(DATA TO EXAMINE Opens)
(* Consider an $N$-player quadratic potential game under the disturbed gradient-based learning dynamics described in the context. For players $i\neq j$, player $i$ is disturbance decoupled from player $j$ if and only if player $j$ is disturbance decoupled from player $i$.
   Context: There are $N$ players, indexed by $[N]$; player $\ell$ has action $x_\ell\in\mathbb{R}^{n_\ell}$, $n=\sum_\ell n_\ell$. A quadratic game has costs $f_\ell(x)=\tfrac12 x_\ell^\top P_\ell x_\ell + x_\ell^\top\big(\sum_{m\neq \ell}P_{\ell m}x_m + r_\ell\big)$ with $P_\ell$ symmetric, $P_{\ell m}\in\mathbb{R}^{n_\ell\times n_m}$, $r_\ell\in\mathbb{R}^{n_\ell}$; it is a quadratic potential game if $P_{\ell m}=P_{m\ell}^\top$ for all $\ell\neq m$. Each player $\ell$ has step size $\gamma_\ell>0$ and updates $x_\ell^{k+1}=x_\ell^k-\gamma_\ell\big(D_\ell f_\ell(x^k)+d_\ell^k\big)$ with $D_\ell f_\ell=\partial f_\ell/\partial x_\ell$ and $d^k_\ell$ an arbitrary additive disturbance. Let $W$ be the block matrix with $W_{\ell\ell}=I-\gamma_\ell P_\ell$, $W_{\ell m}=-\gamma_\ell P_{\ell m}$, $\Gamma=\mathrm{blkdiag}(\gamma_1 I_{n_1},\ldots,\gamma_N I_{n_N})$, $\bar r=(r_1,\ldots,r_N)$. For a player $a$, let $\mathcal{D}_a=\{d\in\mathbb{R}^n : d_m=0\ \forall m\neq a\}$. The uncorrupted and corrupted dynamics (disturbance in player $a$'s gradient) are $x^{k+1}=Wx^k-\Gamma\bar r$ and $y^{k+1}=Wy^k-\Gamma\bar r-\Gamma d^k$ with $d^k\in\mathcal{D}_a$. Player $b\neq a$ is disturbance decoupled from player $a$ if for every initial $x^0$, with $y^0=x^0$, one has $y_b^k=x_b^k$ for all $k\ge0$ and all disturbance sequences with $d^k\in\mathcal{D}_a$. *)

theory Defs
  imports "HOL-Analysis.Analysis"
begin

text \<open>Players form a finite type 'p; the coordinates of the joint action x in R^n form a
finite type 'c; pl c is the player owning coordinate c (so x_l = (x c)_{pl c = l}).
The full matrix P :: real^'c^'c collects the blocks: block (l,l) is P_l and block (l,m),
l ~= m, is P_{lm}.\<close>

definition Wmat :: "('c::finite \<Rightarrow> 'p) \<Rightarrow> ('p \<Rightarrow> real) \<Rightarrow> real^'c^'c \<Rightarrow> real^'c^'c" where
  "Wmat pl gam P = (\<chi> c d. (if c = d then 1 else 0) - gam (pl c) * P$c$d)"

definition Gmat :: "('c::finite \<Rightarrow> 'p) \<Rightarrow> ('p \<Rightarrow> real) \<Rightarrow> real^'c^'c" where
  "Gmat pl gam = (\<chi> c d. if c = d then gam (pl c) else 0)"

primrec traj_x :: "('c::finite \<Rightarrow> 'p) \<Rightarrow> ('p \<Rightarrow> real) \<Rightarrow> real^'c^'c \<Rightarrow> real^'c
    \<Rightarrow> real^'c \<Rightarrow> nat \<Rightarrow> real^'c" where
  "traj_x pl gam P r x0 0 = x0"
| "traj_x pl gam P r x0 (Suc k) =
     Wmat pl gam P *v traj_x pl gam P r x0 k - Gmat pl gam *v r"

primrec traj_y :: "('c::finite \<Rightarrow> 'p) \<Rightarrow> ('p \<Rightarrow> real) \<Rightarrow> real^'c^'c \<Rightarrow> real^'c
    \<Rightarrow> (nat \<Rightarrow> real^'c) \<Rightarrow> real^'c \<Rightarrow> nat \<Rightarrow> real^'c" where
  "traj_y pl gam P r dst y0 0 = y0"
| "traj_y pl gam P r dst y0 (Suc k) =
     Wmat pl gam P *v traj_y pl gam P r dst y0 k - Gmat pl gam *v r - Gmat pl gam *v dst k"

definition Dset :: "('c::finite \<Rightarrow> 'p) \<Rightarrow> 'p \<Rightarrow> (real^'c) set" where
  "Dset pl a = {d. \<forall>c. pl c \<noteq> a \<longrightarrow> d$c = 0}"

definition dist_decoupled :: "('c::finite \<Rightarrow> 'p) \<Rightarrow> ('p \<Rightarrow> real) \<Rightarrow> real^'c^'c \<Rightarrow> real^'c
    \<Rightarrow> 'p \<Rightarrow> 'p \<Rightarrow> bool" where
  "dist_decoupled pl gam P r b a \<longleftrightarrow>
     (\<forall>x0 dst. (\<forall>k. dst k \<in> Dset pl a) \<longrightarrow>
        (\<forall>k c. pl c = b \<longrightarrow> traj_y pl gam P r dst x0 k $ c = traj_x pl gam P r x0 k $ c))"

end

theory Submission
  imports Defs
begin

text \<open>The deviation e = y - x caused by the disturbance obeys e(k+1) = W e(k) - \<Gamma> d(k)
with e(0) = 0, so e(k) is minus the sum of W^(k-1-t) \<Gamma> d(t) over t < k. Hence player b
is decoupled from player a exactly when the (b,a) blocks of all matrices W^m \<Gamma> vanish;
impulse disturbances show necessity. For a potential game P is symmetric, so
W \<Gamma> = \<Gamma> W^T and every W^m \<Gamma> is symmetric: its (b,a) blocks are the transposes
of its (a,b) blocks.\<close>

primrec matpow :: "'a::semiring_1^'n^'n \<Rightarrow> nat \<Rightarrow> 'a^'n^'n" where
  "matpow A 0 = mat 1"
| "matpow A (Suc k) = A ** matpow A k"

lemma matpow_Suc_right: "matpow A (Suc k) = matpow A k ** A"
  by (induction k) (simp_all add: matrix_mul_assoc)

lemma matpow_intertwine:
  fixes A G :: "'a::comm_semiring_1^'n^'n"
  assumes "A ** G = G ** transpose A"
  shows "matpow A k ** G = G ** transpose (matpow A k)"
proof (induction k)
  case 0
  then show ?case by simp
next
  case (Suc k)
  have "matpow A (Suc k) ** G = A ** (matpow A k ** G)"
    by (simp add: matrix_mul_assoc)
  also have "\<dots> = G ** (transpose A ** transpose (matpow A k))"
    by (simp add: Suc assms matrix_mul_assoc)
  also have "\<dots> = G ** transpose (matpow A (Suc k))"
    by (simp only: matpow_Suc_right matrix_transpose_mul)
  finally show ?case .
qed

lemma matpow_mul_symmetric:
  fixes A G :: "'a::comm_semiring_1^'n^'n"
  assumes "A ** G = G ** transpose A" and "transpose G = G"
  shows "transpose (matpow A k ** G) = matpow A k ** G"
  by (simp add: matrix_transpose_mul assms matpow_intertwine)

lemma matrix_mul_Gmat_component: "(A ** Gmat pl gam) $ c $ d = A $ c $ d * gam (pl d)"
  by (simp add: matrix_matrix_mult_def Gmat_def if_distrib if_distribR cong: if_cong)

lemma Gmat_matrix_mul_component: "(Gmat pl gam ** A) $ c $ d = gam (pl c) * A $ c $ d"
  by (simp add: matrix_matrix_mult_def Gmat_def if_distrib if_distribR cong: if_cong)

lemma transpose_Gmat: "transpose (Gmat pl gam) = Gmat pl gam"
  by (simp add: vec_eq_iff transpose_def Gmat_def)

lemma Wmat_Gmat_intertwine:
  assumes "transpose P = P"
  shows "Wmat pl gam P ** Gmat pl gam = Gmat pl gam ** transpose (Wmat pl gam P)"
proof -
  have "P $ c $ d = P $ d $ c" for c d
    by (metis assms transpose_def vec_lambda_beta)
  then show ?thesis
    by (simp add: vec_eq_iff matrix_mul_Gmat_component Gmat_matrix_mul_component
        transpose_def Wmat_def algebra_simps)
qed

lemma traj_y_minus_traj_x:
  "traj_y pl gam P r dst x0 k - traj_x pl gam P r x0 k
   = - (\<Sum>t<k. (matpow (Wmat pl gam P) (k - Suc t) ** Gmat pl gam) *v dst t)"
proof (induction k)
  case 0
  then show ?case by simp
next
  case (Suc k)
  let ?W = "Wmat pl gam P" and ?G = "Gmat pl gam"
  have "traj_y pl gam P r dst x0 (Suc k) - traj_x pl gam P r x0 (Suc k)
      = ?W *v (traj_y pl gam P r dst x0 k - traj_x pl gam P r x0 k) - ?G *v dst k"
    by (simp add: matrix_vector_mult_diff_distrib)
  also have "\<dots> = - (\<Sum>t<k. ?W *v ((matpow ?W (k - Suc t) ** ?G) *v dst t)) - ?G *v dst k"
    by (simp add: Suc linear_neg linear_sum)
  also have "\<dots> = - (\<Sum>t<k. (matpow ?W (Suc k - Suc t) ** ?G) *v dst t) - ?G *v dst k"
  proof -
    have "?W *v ((matpow ?W (k - Suc t) ** ?G) *v v) = (matpow ?W (Suc k - Suc t) ** ?G) *v v"
      if "t < k" for t v
    proof -
      have "Suc k - Suc t = Suc (k - Suc t)"
        using that by simp
      then show ?thesis
        by (simp only: matpow.simps matrix_vector_mul_assoc matrix_mul_assoc)
    qed
    then show ?thesis by simp
  qed
  also have "\<dots> = - (\<Sum>t<Suc k. (matpow ?W (Suc k - Suc t) ** ?G) *v dst t)"
    by simp
  finally show ?case .
qed

lemma matrix_vector_mult_component_eq_0:
  assumes "\<And>d. pl d = a \<Longrightarrow> M $ c $ d = 0" and "v \<in> Dset pl a"
  shows "(M *v v) $ c = 0"
proof -
  have "\<forall>d\<in>UNIV. M $ c $ d * v $ d = 0"
    using assms by (auto simp: Dset_def)
  then show ?thesis
    unfolding matrix_vector_mult_def vec_lambda_beta by (rule sum.neutral)
qed

lemma dist_decoupled_iff_blocks_eq_0:
  "dist_decoupled pl gam P r b a \<longleftrightarrow>
     (\<forall>m c d. pl c = b \<longrightarrow> pl d = a \<longrightarrow> (matpow (Wmat pl gam P) m ** Gmat pl gam) $ c $ d = 0)"
  (is "_ \<longleftrightarrow> (\<forall>m c d. _ \<longrightarrow> _ \<longrightarrow> ?M m $ c $ d = 0)")
proof
  assume decoupled: "dist_decoupled pl gam P r b a"
  show "\<forall>m c d. pl c = b \<longrightarrow> pl d = a \<longrightarrow> ?M m $ c $ d = 0"
  proof (intro allI impI)
    fix m c d
    assume c: "pl c = b" and d: "pl d = a"
    define dst where "dst t = (if t = 0 then axis d 1 else 0 :: real^'a)" for t :: nat
    have "dst t \<in> Dset pl a" for t
      using d by (auto simp: dst_def Dset_def axis_def)
    then have "(traj_y pl gam P r dst 0 (Suc m) - traj_x pl gam P r 0 (Suc m)) $ c = 0"
      using decoupled c unfolding dist_decoupled_def
      by (simp del: traj_x.simps traj_y.simps)
    moreover have "traj_y pl gam P r dst 0 (Suc m) - traj_x pl gam P r 0 (Suc m)
        = - (?M m *v axis d 1)"
      unfolding traj_y_minus_traj_x sum.lessThan_Suc_shift by (simp add: dst_def)
    ultimately have "(- (?M m *v axis d 1)) $ c = 0"
      by (simp only:)
    then show "?M m $ c $ d = 0"
      by (simp add: matrix_vector_mult_basis column_def)
  qed
next
  assume blocks: "\<forall>m c d. pl c = b \<longrightarrow> pl d = a \<longrightarrow> ?M m $ c $ d = 0"
  show "dist_decoupled pl gam P r b a"
    unfolding dist_decoupled_def
  proof (intro allI impI)
    fix x0 and dst :: "nat \<Rightarrow> _" and k :: nat and c
    assume dst: "\<forall>k. dst k \<in> Dset pl a" and c: "pl c = b"
    have "(?M m *v dst t) $ c = 0" for m t
      using blocks c dst by (blast intro: matrix_vector_mult_component_eq_0)
    then have "(traj_y pl gam P r dst x0 k - traj_x pl gam P r x0 k) $ c = 0"
      by (simp add: traj_y_minus_traj_x sum_component)
    then show "traj_y pl gam P r dst x0 k $ c = traj_x pl gam P r x0 k $ c"
      by simp
  qed
qed

theorem corollary1:
  fixes pl :: "'c::finite \<Rightarrow> 'p::finite"
    and gam :: "'p \<Rightarrow> real"
    and P :: "real^'c^'c"
    and r :: "real^'c"
    and i j :: 'p
  assumes step_pos: "\<And>l. gam l > 0"
    and P_sym: "\<And>c d. pl c = pl d \<Longrightarrow> P$c$d = P$d$c"
    and potential: "\<And>c d. pl c \<noteq> pl d \<Longrightarrow> P$c$d = P$d$c"
    and ij: "i \<noteq> j"
  shows "dist_decoupled pl gam P r i j \<longleftrightarrow> dist_decoupled pl gam P r j i"
proof -
  let ?M = "\<lambda>m. matpow (Wmat pl gam P) m ** Gmat pl gam"
  have "transpose P = P"
    using P_sym potential by (auto simp: vec_eq_iff transpose_def)
  then have "transpose (?M m) = ?M m" for m
    by (intro matpow_mul_symmetric Wmat_Gmat_intertwine transpose_Gmat)
  then have "?M m $ c $ d = ?M m $ d $ c" for m c d
    by (metis transpose_def vec_lambda_beta)
  then show ?thesis
    unfolding dist_decoupled_iff_blocks_eq_0 by metis
qed

end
(DATA TO EXAMINE Closes)
* _PROBLEM DETAILS_
Everything from the line containing "G) = matpow" through the line containing "by (simp add: vec_eq_iff transpose_def" in the material above should be retyped exactly, both ends included, and nothing more.

* _YOUR SOLUTION_
  shows "transpose (matpow A k ** G) = matpow A k ** G"
  by (simp add: matrix_transpose_mul assms matpow_intertwine)

lemma matrix_mul_Gmat_component: "(A ** Gmat pl gam) $ c $ d = A $ c $ d * gam (pl d)"
  by (simp add: matrix_matrix_mult_def Gmat_def if_distrib if_distribR cong: if_cong)

lemma Gmat_matrix_mul_component: "(Gmat pl gam ** A) $ c $ d = gam (pl c) * A $ c $ d"
  by (simp add: matrix_matrix_mult_def Gmat_def if_distrib if_distribR cong: if_cong)

lemma transpose_Gmat: "transpose (Gmat pl gam) = Gmat pl gam"
  by (simp add: vec_eq_iff transpose_def Gmat_def)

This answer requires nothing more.